Scan the lines below for "within" and copy the matches.

--------------------------------------------------

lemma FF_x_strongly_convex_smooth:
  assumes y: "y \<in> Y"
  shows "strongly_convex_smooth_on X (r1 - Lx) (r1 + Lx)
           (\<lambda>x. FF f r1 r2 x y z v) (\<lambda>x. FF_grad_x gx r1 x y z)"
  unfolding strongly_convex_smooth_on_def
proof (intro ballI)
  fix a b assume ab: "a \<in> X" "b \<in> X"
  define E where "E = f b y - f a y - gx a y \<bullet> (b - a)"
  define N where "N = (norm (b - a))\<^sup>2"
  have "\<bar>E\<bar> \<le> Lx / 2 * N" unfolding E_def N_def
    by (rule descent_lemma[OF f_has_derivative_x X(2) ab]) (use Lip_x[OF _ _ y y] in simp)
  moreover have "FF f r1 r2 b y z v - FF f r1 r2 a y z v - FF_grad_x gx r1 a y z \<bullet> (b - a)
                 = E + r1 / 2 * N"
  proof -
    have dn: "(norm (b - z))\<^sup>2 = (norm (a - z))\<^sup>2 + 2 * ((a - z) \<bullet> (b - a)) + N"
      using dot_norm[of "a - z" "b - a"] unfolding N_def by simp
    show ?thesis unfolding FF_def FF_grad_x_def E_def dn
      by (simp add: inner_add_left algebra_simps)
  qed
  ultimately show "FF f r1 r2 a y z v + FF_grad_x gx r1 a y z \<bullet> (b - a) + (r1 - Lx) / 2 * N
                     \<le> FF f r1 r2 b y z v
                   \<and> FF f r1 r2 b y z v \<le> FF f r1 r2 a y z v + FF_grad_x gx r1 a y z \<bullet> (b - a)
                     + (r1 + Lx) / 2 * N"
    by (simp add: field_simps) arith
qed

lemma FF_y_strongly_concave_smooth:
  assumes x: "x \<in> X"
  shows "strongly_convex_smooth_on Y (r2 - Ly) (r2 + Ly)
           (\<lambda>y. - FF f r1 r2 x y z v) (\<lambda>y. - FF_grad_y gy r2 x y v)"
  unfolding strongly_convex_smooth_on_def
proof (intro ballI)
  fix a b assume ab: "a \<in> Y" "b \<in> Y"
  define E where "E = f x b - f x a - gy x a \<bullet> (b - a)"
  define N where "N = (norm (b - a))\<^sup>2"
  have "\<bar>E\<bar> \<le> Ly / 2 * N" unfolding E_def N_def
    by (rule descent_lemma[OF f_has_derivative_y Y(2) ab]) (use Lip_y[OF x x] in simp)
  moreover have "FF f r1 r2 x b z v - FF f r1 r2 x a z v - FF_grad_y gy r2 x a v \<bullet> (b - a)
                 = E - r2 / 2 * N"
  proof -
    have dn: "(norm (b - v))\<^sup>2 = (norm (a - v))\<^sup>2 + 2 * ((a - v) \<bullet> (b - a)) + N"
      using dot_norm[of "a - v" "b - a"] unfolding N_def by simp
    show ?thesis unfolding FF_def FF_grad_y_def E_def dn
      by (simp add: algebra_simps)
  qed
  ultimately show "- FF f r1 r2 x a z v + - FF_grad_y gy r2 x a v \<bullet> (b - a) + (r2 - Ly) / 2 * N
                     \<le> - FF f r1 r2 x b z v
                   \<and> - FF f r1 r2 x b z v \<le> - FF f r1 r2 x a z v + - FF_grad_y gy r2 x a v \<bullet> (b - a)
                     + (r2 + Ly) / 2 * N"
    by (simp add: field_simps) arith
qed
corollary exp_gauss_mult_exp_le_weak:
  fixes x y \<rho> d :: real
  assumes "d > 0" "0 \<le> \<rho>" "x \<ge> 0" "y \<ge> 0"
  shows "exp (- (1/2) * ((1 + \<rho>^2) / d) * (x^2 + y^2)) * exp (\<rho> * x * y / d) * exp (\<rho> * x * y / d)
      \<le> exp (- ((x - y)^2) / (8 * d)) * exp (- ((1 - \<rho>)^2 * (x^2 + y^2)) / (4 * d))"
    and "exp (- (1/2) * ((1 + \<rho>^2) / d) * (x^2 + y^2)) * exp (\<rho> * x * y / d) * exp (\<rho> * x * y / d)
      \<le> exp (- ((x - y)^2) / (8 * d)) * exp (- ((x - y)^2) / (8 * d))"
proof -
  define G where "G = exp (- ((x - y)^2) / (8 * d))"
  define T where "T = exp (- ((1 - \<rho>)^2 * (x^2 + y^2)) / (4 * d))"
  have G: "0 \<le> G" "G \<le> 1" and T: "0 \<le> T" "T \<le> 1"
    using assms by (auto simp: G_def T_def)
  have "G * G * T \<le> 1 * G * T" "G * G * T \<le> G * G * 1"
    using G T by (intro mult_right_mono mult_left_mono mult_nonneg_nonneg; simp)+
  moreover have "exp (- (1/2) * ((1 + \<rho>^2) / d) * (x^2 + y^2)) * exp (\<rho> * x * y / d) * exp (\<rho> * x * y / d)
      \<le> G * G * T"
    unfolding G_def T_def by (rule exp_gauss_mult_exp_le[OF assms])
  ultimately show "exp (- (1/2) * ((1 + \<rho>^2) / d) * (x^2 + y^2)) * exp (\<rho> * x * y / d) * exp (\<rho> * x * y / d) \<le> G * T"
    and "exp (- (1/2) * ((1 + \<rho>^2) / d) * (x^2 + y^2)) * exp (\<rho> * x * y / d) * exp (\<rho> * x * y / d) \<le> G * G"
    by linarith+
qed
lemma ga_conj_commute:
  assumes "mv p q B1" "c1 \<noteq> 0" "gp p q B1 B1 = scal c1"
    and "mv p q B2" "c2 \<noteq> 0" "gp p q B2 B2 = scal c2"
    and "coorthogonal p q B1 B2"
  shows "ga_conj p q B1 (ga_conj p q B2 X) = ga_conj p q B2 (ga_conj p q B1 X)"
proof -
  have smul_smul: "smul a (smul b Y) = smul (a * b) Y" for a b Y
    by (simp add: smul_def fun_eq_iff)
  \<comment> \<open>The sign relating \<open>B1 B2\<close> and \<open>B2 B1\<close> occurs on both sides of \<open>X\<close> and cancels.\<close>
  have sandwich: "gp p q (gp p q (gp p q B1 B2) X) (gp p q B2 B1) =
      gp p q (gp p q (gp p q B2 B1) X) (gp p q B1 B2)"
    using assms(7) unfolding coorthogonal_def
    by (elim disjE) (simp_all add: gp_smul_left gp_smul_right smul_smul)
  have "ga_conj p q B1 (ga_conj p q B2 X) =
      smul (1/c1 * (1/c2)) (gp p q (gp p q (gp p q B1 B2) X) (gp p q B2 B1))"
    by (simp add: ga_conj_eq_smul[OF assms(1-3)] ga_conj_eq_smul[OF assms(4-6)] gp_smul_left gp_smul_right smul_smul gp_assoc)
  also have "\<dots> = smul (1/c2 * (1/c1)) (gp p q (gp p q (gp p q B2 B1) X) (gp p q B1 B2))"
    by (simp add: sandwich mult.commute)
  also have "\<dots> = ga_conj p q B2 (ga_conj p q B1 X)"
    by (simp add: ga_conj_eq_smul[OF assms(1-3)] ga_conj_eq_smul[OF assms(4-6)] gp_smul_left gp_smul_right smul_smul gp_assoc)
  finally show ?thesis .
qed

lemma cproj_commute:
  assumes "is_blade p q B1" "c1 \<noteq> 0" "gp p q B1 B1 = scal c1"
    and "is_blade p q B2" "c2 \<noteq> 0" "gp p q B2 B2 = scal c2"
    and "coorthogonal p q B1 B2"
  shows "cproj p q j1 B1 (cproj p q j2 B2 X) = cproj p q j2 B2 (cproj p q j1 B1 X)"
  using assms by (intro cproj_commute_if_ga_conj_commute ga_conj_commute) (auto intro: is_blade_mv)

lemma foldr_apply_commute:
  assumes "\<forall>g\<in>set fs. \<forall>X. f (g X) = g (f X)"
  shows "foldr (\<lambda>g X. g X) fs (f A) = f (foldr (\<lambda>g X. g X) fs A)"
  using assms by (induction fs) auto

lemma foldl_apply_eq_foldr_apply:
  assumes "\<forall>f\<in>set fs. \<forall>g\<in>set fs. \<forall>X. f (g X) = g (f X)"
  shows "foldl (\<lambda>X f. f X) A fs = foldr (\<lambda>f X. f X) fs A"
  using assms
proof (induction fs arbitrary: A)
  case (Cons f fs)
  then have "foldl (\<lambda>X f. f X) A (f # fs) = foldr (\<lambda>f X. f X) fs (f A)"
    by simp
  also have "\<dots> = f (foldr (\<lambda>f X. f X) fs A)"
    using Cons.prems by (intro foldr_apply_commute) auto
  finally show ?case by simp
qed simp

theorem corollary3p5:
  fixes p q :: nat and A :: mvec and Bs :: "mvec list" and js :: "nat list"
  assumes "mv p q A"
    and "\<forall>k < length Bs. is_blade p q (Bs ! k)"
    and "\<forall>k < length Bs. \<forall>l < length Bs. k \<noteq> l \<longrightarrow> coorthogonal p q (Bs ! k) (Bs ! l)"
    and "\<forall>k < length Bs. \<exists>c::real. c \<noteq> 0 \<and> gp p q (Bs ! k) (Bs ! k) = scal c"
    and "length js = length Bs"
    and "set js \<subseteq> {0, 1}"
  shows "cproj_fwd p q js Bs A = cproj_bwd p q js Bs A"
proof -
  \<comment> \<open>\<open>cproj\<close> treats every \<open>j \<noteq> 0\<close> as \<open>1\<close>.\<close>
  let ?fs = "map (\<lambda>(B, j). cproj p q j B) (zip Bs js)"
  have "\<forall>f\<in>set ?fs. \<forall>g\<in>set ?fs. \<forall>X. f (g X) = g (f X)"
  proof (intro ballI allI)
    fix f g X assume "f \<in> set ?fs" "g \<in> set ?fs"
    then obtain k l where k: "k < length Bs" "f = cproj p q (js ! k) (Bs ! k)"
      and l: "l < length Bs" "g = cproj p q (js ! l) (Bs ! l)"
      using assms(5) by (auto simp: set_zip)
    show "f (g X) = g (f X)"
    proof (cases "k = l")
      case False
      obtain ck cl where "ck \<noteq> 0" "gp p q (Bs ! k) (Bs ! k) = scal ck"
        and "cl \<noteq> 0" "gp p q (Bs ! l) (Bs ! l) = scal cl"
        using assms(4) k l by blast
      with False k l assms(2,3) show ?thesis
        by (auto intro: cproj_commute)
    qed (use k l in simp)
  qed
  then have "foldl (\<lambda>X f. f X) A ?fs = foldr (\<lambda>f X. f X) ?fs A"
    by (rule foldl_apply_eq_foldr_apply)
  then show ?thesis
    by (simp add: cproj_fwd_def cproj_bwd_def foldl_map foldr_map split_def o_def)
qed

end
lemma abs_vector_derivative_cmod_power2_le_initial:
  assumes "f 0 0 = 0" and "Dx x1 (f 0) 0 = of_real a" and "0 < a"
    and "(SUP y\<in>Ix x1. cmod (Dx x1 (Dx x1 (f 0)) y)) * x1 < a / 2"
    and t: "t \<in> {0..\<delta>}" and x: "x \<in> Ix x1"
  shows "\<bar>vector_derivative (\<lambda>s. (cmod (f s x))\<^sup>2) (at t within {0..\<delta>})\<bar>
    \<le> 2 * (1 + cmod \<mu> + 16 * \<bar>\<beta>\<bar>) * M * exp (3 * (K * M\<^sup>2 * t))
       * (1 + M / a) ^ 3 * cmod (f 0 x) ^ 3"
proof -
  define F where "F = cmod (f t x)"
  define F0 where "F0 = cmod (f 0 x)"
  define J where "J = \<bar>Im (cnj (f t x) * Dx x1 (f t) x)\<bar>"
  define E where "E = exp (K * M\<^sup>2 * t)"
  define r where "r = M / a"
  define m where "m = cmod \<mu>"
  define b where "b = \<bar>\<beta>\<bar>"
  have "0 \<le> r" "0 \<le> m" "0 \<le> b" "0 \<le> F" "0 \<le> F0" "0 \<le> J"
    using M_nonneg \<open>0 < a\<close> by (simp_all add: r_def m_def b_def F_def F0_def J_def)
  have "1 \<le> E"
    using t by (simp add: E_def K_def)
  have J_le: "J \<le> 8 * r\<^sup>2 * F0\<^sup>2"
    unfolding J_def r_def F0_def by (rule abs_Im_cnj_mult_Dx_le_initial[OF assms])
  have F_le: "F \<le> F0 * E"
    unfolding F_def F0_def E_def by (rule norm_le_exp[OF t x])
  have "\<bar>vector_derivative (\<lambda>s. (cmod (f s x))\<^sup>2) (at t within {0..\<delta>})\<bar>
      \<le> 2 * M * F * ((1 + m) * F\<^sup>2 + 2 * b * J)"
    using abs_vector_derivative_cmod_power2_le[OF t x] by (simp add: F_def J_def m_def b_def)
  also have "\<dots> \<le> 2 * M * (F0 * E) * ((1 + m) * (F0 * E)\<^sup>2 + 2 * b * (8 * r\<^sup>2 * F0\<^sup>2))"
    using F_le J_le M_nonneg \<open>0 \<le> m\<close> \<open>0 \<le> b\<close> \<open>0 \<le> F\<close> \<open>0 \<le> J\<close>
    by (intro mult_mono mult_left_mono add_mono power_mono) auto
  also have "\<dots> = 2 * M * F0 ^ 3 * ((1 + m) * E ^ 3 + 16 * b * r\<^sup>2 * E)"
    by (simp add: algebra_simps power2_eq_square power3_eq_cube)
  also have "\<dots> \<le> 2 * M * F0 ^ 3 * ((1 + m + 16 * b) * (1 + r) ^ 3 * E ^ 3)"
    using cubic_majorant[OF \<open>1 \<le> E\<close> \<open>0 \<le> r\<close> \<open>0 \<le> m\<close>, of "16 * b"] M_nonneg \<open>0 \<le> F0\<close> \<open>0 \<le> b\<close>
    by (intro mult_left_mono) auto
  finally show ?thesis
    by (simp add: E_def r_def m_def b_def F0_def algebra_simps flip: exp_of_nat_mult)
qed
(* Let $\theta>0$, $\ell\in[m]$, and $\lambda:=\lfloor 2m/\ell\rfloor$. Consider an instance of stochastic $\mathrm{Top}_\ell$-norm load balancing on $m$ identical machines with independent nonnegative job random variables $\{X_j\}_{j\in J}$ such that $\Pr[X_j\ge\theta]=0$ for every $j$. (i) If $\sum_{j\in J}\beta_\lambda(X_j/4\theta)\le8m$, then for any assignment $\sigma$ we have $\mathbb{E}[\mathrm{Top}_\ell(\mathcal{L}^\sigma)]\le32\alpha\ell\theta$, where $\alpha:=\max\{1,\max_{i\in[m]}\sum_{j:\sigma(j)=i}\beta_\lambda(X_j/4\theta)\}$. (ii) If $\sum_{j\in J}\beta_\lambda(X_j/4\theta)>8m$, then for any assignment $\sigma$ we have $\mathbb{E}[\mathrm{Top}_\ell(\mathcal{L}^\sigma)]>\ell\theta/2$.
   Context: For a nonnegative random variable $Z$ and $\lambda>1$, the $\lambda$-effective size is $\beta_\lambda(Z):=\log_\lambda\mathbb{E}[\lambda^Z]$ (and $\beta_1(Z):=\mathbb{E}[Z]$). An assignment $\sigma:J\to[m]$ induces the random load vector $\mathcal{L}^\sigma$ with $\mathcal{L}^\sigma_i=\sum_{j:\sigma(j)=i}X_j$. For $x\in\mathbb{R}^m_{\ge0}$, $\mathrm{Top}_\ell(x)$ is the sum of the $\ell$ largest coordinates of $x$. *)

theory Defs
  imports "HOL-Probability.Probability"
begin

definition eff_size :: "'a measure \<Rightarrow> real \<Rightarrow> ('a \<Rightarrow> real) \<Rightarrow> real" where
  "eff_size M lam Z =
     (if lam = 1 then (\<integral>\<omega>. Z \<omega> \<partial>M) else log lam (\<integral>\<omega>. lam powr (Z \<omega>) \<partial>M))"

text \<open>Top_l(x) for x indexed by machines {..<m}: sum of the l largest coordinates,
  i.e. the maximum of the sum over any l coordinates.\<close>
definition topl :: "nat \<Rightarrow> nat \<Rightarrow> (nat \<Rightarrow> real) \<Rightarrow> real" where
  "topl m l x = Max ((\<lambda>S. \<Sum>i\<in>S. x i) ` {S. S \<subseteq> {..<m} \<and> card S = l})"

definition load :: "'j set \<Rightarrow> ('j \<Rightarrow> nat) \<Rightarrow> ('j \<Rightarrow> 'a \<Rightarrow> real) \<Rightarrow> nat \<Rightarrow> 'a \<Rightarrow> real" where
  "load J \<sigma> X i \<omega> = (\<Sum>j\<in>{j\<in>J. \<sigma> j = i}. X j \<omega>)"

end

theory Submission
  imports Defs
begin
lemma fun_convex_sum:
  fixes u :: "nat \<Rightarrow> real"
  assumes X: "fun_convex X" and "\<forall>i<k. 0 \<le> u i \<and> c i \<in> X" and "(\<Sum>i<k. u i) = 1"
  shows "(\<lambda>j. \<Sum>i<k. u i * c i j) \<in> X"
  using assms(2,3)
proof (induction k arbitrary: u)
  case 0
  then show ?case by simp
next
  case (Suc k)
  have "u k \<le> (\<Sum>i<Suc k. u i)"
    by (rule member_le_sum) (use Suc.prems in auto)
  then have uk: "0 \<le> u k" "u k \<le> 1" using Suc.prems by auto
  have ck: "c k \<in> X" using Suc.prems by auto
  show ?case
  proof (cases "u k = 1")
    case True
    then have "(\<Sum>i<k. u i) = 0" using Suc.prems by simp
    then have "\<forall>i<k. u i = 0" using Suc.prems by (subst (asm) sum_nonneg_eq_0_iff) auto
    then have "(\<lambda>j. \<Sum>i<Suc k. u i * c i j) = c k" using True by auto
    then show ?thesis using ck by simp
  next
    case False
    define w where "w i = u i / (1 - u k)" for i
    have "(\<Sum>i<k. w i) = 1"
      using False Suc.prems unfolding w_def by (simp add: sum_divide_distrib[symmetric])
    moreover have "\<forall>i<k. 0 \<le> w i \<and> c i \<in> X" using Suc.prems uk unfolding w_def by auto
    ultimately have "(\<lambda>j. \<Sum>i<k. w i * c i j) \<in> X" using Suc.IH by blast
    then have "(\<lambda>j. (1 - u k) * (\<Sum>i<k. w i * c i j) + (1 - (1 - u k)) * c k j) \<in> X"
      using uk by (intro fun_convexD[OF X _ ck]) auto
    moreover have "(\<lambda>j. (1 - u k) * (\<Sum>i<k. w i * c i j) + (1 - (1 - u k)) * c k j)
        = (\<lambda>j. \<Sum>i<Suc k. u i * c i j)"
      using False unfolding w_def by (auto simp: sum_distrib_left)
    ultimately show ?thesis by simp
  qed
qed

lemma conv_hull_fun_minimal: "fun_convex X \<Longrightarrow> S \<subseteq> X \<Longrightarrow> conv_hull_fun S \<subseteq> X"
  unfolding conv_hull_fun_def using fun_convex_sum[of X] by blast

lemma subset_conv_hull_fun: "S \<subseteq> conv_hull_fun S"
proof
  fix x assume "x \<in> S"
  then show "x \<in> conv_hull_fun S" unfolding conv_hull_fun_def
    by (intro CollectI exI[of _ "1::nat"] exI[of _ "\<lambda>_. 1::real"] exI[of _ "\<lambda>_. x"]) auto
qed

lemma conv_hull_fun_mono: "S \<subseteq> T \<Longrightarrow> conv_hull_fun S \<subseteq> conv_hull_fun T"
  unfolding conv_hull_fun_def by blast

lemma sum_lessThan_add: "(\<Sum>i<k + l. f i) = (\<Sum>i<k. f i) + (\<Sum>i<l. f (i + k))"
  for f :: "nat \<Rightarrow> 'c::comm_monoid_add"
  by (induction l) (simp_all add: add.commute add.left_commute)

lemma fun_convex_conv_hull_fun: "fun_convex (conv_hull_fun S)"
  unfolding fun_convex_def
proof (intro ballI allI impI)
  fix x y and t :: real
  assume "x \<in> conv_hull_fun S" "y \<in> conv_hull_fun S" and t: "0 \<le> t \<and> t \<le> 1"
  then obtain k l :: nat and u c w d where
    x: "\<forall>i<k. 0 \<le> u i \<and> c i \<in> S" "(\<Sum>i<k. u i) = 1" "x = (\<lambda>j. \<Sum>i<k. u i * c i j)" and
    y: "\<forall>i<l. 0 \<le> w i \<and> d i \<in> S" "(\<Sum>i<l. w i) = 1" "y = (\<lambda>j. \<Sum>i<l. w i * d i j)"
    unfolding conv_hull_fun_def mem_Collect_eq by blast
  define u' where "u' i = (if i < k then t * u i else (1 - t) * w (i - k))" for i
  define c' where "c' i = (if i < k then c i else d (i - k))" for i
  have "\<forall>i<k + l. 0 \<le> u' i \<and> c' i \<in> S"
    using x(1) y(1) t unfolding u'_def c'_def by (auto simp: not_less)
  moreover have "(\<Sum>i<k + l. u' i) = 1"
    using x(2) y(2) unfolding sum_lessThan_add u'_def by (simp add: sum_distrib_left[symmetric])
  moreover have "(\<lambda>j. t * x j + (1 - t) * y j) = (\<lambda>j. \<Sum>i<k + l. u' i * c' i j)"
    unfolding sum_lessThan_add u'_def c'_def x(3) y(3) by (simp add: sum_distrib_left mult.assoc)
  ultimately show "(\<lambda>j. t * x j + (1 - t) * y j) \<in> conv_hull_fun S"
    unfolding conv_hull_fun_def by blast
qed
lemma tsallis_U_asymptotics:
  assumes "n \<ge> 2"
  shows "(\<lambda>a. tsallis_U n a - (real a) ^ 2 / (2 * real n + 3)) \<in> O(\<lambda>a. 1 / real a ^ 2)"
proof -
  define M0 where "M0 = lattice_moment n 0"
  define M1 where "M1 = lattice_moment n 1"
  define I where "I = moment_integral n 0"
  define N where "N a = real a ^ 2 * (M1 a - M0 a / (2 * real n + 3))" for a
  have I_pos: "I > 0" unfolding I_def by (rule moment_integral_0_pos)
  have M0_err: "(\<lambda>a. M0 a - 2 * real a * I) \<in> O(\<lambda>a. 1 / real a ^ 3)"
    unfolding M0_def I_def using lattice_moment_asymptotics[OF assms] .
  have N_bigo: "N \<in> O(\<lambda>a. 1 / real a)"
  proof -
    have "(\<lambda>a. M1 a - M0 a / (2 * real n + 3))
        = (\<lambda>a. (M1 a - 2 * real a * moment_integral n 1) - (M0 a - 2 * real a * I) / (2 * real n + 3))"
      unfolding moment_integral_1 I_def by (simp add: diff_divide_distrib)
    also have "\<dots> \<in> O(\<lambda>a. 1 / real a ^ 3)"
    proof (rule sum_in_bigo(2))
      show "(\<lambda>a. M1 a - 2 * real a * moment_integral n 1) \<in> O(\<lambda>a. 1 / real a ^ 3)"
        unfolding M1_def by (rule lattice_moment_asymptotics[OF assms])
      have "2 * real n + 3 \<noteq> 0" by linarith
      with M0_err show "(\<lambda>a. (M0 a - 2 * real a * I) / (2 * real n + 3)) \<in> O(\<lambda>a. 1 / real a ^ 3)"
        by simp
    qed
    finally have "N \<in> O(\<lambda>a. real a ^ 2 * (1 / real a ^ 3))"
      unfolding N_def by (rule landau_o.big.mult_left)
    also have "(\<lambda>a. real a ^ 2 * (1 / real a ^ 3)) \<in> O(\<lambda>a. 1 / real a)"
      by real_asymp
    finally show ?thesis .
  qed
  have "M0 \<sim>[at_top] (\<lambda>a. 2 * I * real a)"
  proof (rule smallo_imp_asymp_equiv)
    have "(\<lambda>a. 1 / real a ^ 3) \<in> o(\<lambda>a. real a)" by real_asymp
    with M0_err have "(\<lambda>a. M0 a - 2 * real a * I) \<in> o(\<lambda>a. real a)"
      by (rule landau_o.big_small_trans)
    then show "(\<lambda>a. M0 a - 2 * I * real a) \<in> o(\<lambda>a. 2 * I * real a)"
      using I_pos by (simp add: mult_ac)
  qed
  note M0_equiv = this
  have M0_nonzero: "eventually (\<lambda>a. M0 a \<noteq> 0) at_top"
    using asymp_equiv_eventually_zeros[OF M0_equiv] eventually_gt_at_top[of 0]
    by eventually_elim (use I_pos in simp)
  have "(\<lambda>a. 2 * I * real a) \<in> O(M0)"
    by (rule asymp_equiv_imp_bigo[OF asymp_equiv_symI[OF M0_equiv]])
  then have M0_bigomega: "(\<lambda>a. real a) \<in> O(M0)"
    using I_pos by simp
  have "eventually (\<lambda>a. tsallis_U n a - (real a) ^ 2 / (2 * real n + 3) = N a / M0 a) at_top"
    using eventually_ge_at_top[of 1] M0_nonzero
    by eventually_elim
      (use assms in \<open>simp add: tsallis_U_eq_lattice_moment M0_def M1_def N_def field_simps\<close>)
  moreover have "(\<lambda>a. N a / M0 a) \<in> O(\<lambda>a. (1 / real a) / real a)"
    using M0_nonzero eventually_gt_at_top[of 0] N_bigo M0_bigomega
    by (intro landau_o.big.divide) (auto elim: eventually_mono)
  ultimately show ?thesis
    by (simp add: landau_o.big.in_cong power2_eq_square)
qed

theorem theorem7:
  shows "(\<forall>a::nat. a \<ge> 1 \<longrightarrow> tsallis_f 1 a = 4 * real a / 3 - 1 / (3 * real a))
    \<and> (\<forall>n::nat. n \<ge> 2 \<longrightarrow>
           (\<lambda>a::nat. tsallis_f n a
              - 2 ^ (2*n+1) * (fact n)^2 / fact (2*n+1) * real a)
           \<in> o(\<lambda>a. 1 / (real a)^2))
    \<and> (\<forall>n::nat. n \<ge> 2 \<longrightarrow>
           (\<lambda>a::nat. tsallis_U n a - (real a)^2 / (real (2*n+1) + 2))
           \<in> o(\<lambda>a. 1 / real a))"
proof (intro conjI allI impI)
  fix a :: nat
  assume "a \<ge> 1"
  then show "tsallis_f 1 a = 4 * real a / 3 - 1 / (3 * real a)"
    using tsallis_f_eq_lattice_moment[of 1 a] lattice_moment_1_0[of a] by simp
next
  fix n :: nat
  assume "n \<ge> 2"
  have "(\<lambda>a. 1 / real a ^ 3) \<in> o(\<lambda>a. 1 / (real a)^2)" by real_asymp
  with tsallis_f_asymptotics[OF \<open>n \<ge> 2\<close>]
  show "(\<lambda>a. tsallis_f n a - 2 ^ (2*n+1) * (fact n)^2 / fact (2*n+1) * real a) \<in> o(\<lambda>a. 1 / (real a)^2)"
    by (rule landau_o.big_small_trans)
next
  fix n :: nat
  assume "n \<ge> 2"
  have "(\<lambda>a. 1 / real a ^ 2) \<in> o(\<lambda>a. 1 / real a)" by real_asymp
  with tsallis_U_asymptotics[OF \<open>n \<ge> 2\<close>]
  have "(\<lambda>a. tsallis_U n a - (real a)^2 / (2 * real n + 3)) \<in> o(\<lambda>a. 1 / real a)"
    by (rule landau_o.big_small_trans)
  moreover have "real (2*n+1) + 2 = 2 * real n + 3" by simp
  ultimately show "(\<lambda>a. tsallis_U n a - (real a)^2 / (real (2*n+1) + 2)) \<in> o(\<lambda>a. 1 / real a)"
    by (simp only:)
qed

--------------------------------------------------

### Answer to the exercise
  shows "\<bar>vector_derivative (\<lambda>s. (cmod (f s x))\<^sup>2) (at t within {0..\<delta>})\<bar>
  have "\<bar>vector_derivative (\<lambda>s. (cmod (f s x))\<^sup>2) (at t within {0..\<delta>})\<bar>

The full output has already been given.